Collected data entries
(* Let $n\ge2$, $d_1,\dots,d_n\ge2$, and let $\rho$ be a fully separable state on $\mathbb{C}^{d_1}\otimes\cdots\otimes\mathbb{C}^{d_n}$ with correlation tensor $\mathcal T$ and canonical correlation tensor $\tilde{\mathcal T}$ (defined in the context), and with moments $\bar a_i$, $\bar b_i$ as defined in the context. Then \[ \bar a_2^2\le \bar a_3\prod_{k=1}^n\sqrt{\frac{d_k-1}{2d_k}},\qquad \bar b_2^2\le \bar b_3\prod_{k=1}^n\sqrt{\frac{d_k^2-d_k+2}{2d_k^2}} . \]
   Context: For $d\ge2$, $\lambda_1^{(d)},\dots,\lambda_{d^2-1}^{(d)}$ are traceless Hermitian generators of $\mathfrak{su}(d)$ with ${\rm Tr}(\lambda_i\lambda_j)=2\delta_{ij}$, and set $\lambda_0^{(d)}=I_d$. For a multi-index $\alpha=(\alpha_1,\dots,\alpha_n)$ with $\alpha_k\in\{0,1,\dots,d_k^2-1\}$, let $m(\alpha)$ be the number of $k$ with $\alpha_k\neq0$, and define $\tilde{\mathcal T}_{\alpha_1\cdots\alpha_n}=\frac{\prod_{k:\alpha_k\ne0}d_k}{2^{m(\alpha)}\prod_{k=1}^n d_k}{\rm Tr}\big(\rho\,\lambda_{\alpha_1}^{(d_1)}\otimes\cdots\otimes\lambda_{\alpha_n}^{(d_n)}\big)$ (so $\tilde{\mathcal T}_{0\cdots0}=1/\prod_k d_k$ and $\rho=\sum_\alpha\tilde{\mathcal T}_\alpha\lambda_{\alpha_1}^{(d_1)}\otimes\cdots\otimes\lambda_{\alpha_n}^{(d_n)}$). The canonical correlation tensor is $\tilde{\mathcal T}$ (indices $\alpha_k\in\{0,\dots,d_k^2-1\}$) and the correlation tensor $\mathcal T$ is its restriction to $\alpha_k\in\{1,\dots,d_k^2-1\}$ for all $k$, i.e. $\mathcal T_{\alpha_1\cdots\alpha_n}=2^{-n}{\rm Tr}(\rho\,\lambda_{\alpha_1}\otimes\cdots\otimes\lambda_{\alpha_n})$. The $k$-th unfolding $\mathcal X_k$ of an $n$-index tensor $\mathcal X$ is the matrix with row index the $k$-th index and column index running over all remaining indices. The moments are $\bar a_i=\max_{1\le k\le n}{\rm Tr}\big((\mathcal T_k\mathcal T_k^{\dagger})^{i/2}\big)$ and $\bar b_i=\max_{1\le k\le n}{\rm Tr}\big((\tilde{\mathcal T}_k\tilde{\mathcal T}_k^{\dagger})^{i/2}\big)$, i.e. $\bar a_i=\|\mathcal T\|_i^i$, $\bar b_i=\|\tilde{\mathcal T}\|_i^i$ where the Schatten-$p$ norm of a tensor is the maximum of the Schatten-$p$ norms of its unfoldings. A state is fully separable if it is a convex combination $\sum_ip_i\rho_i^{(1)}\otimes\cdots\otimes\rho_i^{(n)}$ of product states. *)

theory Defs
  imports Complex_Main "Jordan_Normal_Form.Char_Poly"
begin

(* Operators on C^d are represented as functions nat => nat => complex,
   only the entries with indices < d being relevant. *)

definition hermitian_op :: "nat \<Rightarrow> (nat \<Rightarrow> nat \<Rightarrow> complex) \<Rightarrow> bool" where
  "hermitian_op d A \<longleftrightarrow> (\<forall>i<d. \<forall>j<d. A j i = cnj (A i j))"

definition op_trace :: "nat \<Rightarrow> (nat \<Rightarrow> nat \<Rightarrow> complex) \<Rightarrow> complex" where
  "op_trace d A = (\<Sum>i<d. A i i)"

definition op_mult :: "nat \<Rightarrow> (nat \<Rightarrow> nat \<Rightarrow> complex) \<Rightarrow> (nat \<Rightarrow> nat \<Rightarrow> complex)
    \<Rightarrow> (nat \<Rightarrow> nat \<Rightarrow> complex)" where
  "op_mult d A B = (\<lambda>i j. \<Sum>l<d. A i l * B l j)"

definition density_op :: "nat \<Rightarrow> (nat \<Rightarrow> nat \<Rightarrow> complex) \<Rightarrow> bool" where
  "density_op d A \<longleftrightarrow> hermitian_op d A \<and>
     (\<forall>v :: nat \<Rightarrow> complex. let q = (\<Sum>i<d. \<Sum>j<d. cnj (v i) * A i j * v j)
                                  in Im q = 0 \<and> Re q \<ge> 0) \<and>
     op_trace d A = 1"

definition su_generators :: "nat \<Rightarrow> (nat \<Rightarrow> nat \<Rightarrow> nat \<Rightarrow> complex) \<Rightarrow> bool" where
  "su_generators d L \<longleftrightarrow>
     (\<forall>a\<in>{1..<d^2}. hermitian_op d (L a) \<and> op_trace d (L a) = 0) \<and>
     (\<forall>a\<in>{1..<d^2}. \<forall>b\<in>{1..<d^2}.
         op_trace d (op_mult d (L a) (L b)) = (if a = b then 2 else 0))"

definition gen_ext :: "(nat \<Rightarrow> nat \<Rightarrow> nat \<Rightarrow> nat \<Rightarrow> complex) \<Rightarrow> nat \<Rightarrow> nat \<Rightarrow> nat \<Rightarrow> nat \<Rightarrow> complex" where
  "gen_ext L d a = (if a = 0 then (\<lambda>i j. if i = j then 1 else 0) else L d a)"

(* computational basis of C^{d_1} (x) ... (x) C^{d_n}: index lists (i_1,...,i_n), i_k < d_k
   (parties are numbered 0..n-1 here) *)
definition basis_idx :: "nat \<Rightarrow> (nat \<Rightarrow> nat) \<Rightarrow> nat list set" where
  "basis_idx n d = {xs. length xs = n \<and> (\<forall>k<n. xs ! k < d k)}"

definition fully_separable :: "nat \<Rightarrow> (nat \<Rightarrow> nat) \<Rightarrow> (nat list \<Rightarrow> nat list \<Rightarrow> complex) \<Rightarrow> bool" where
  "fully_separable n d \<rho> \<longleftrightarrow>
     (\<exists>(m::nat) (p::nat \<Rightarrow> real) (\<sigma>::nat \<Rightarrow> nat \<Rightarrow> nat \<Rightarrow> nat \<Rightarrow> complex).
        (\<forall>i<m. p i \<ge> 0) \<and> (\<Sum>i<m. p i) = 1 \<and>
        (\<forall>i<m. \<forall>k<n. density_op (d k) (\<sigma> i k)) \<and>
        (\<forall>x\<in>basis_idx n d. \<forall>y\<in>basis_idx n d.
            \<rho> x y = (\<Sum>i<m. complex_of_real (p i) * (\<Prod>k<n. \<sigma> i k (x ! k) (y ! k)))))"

#### [EXERCISE OBJECTIVE]
A verbatim copy of all the records is required. Write it out in full.

#### [EXPECTED ANSWER]
(* Let $n\ge2$, $d_1,\dots,d_n\ge2$, and let $\rho$ be a fully separable state on $\mathbb{C}^{d_1}\otimes\cdots\otimes\mathbb{C}^{d_n}$ with correlation tensor $\mathcal T$ and canonical correlation tensor $\tilde{\mathcal T}$ (defined in the context), and with moments $\bar a_i$, $\bar b_i$ as defined in the context. Then \[ \bar a_2^2\le \bar a_3\prod_{k=1}^n\sqrt{\frac{d_k-1}{2d_k}},\qquad \bar b_2^2\le \bar b_3\prod_{k=1}^n\sqrt{\frac{d_k^2-d_k+2}{2d_k^2}} . \]
   Context: For $d\ge2$, $\lambda_1^{(d)},\dots,\lambda_{d^2-1}^{(d)}$ are traceless Hermitian generators of $\mathfrak{su}(d)$ with ${\rm Tr}(\lambda_i\lambda_j)=2\delta_{ij}$, and set $\lambda_0^{(d)}=I_d$. For a multi-index $\alpha=(\alpha_1,\dots,\alpha_n)$ with $\alpha_k\in\{0,1,\dots,d_k^2-1\}$, let $m(\alpha)$ be the number of $k$ with $\alpha_k\neq0$, and define $\tilde{\mathcal T}_{\alpha_1\cdots\alpha_n}=\frac{\prod_{k:\alpha_k\ne0}d_k}{2^{m(\alpha)}\prod_{k=1}^n d_k}{\rm Tr}\big(\rho\,\lambda_{\alpha_1}^{(d_1)}\otimes\cdots\otimes\lambda_{\alpha_n}^{(d_n)}\big)$ (so $\tilde{\mathcal T}_{0\cdots0}=1/\prod_k d_k$ and $\rho=\sum_\alpha\tilde{\mathcal T}_\alpha\lambda_{\alpha_1}^{(d_1)}\otimes\cdots\otimes\lambda_{\alpha_n}^{(d_n)}$). The canonical correlation tensor is $\tilde{\mathcal T}$ (indices $\alpha_k\in\{0,\dots,d_k^2-1\}$) and the correlation tensor $\mathcal T$ is its restriction to $\alpha_k\in\{1,\dots,d_k^2-1\}$ for all $k$, i.e. $\mathcal T_{\alpha_1\cdots\alpha_n}=2^{-n}{\rm Tr}(\rho\,\lambda_{\alpha_1}\otimes\cdots\otimes\lambda_{\alpha_n})$. The $k$-th unfolding $\mathcal X_k$ of an $n$-index tensor $\mathcal X$ is the matrix with row index the $k$-th index and column index running over all remaining indices. The moments are $\bar a_i=\max_{1\le k\le n}{\rm Tr}\big((\mathcal T_k\mathcal T_k^{\dagger})^{i/2}\big)$ and $\bar b_i=\max_{1\le k\le n}{\rm Tr}\big((\tilde{\mathcal T}_k\tilde{\mathcal T}_k^{\dagger})^{i/2}\big)$, i.e. $\bar a_i=\|\mathcal T\|_i^i$, $\bar b_i=\|\tilde{\mathcal T}\|_i^i$ where the Schatten-$p$ norm of a tensor is the maximum of the Schatten-$p$ norms of its unfoldings. A state is fully separable if it is a convex combination $\sum_ip_i\rho_i^{(1)}\otimes\cdots\otimes\rho_i^{(n)}$ of product states. *)

theory Defs
  imports Complex_Main "Jordan_Normal_Form.Char_Poly"
begin

(* Operators on C^d are represented as functions nat => nat => complex,
   only the entries with indices < d being relevant. *)

definition hermitian_op :: "nat \<Rightarrow> (nat \<Rightarrow> nat \<Rightarrow> complex) \<Rightarrow> bool" where
  "hermitian_op d A \<longleftrightarrow> (\<forall>i<d. \<forall>j<d. A j i = cnj (A i j))"

definition op_trace :: "nat \<Rightarrow> (nat \<Rightarrow> nat \<Rightarrow> complex) \<Rightarrow> complex" where
  "op_trace d A = (\<Sum>i<d. A i i)"

definition op_mult :: "nat \<Rightarrow> (nat \<Rightarrow> nat \<Rightarrow> complex) \<Rightarrow> (nat \<Rightarrow> nat \<Rightarrow> complex)
    \<Rightarrow> (nat \<Rightarrow> nat \<Rightarrow> complex)" where
  "op_mult d A B = (\<lambda>i j. \<Sum>l<d. A i l * B l j)"

definition density_op :: "nat \<Rightarrow> (nat \<Rightarrow> nat \<Rightarrow> complex) \<Rightarrow> bool" where
  "density_op d A \<longleftrightarrow> hermitian_op d A \<and>
     (\<forall>v :: nat \<Rightarrow> complex. let q = (\<Sum>i<d. \<Sum>j<d. cnj (v i) * A i j * v j)
                                  in Im q = 0 \<and> Re q \<ge> 0) \<and>
     op_trace d A = 1"

definition su_generators :: "nat \<Rightarrow> (nat \<Rightarrow> nat \<Rightarrow> nat \<Rightarrow> complex) \<Rightarrow> bool" where
  "su_generators d L \<longleftrightarrow>
     (\<forall>a\<in>{1..<d^2}. hermitian_op d (L a) \<and> op_trace d (L a) = 0) \<and>
     (\<forall>a\<in>{1..<d^2}. \<forall>b\<in>{1..<d^2}.
         op_trace d (op_mult d (L a) (L b)) = (if a = b then 2 else 0))"

definition gen_ext :: "(nat \<Rightarrow> nat \<Rightarrow> nat \<Rightarrow> nat \<Rightarrow> complex) \<Rightarrow> nat \<Rightarrow> nat \<Rightarrow> nat \<Rightarrow> nat \<Rightarrow> complex" where
  "gen_ext L d a = (if a = 0 then (\<lambda>i j. if i = j then 1 else 0) else L d a)"

(* computational basis of C^{d_1} (x) ... (x) C^{d_n}: index lists (i_1,...,i_n), i_k < d_k
   (parties are numbered 0..n-1 here) *)
definition basis_idx :: "nat \<Rightarrow> (nat \<Rightarrow> nat) \<Rightarrow> nat list set" where
  "basis_idx n d = {xs. length xs = n \<and> (\<forall>k<n. xs ! k < d k)}"

definition fully_separable :: "nat \<Rightarrow> (nat \<Rightarrow> nat) \<Rightarrow> (nat list \<Rightarrow> nat list \<Rightarrow> complex) \<Rightarrow> bool" where
  "fully_separable n d \<rho> \<longleftrightarrow>
     (\<exists>(m::nat) (p::nat \<Rightarrow> real) (\<sigma>::nat \<Rightarrow> nat \<Rightarrow> nat \<Rightarrow> nat \<Rightarrow> complex).
        (\<forall>i<m. p i \<ge> 0) \<and> (\<Sum>i<m. p i) = 1 \<and>
        (\<forall>i<m. \<forall>k<n. density_op (d k) (\<sigma> i k)) \<and>
        (\<forall>x\<in>basis_idx n d. \<forall>y\<in>basis_idx n d.
            \<rho> x y = (\<Sum>i<m. complex_of_real (p i) * (\<Prod>k<n. \<sigma> i k (x ! k) (y ! k)))))"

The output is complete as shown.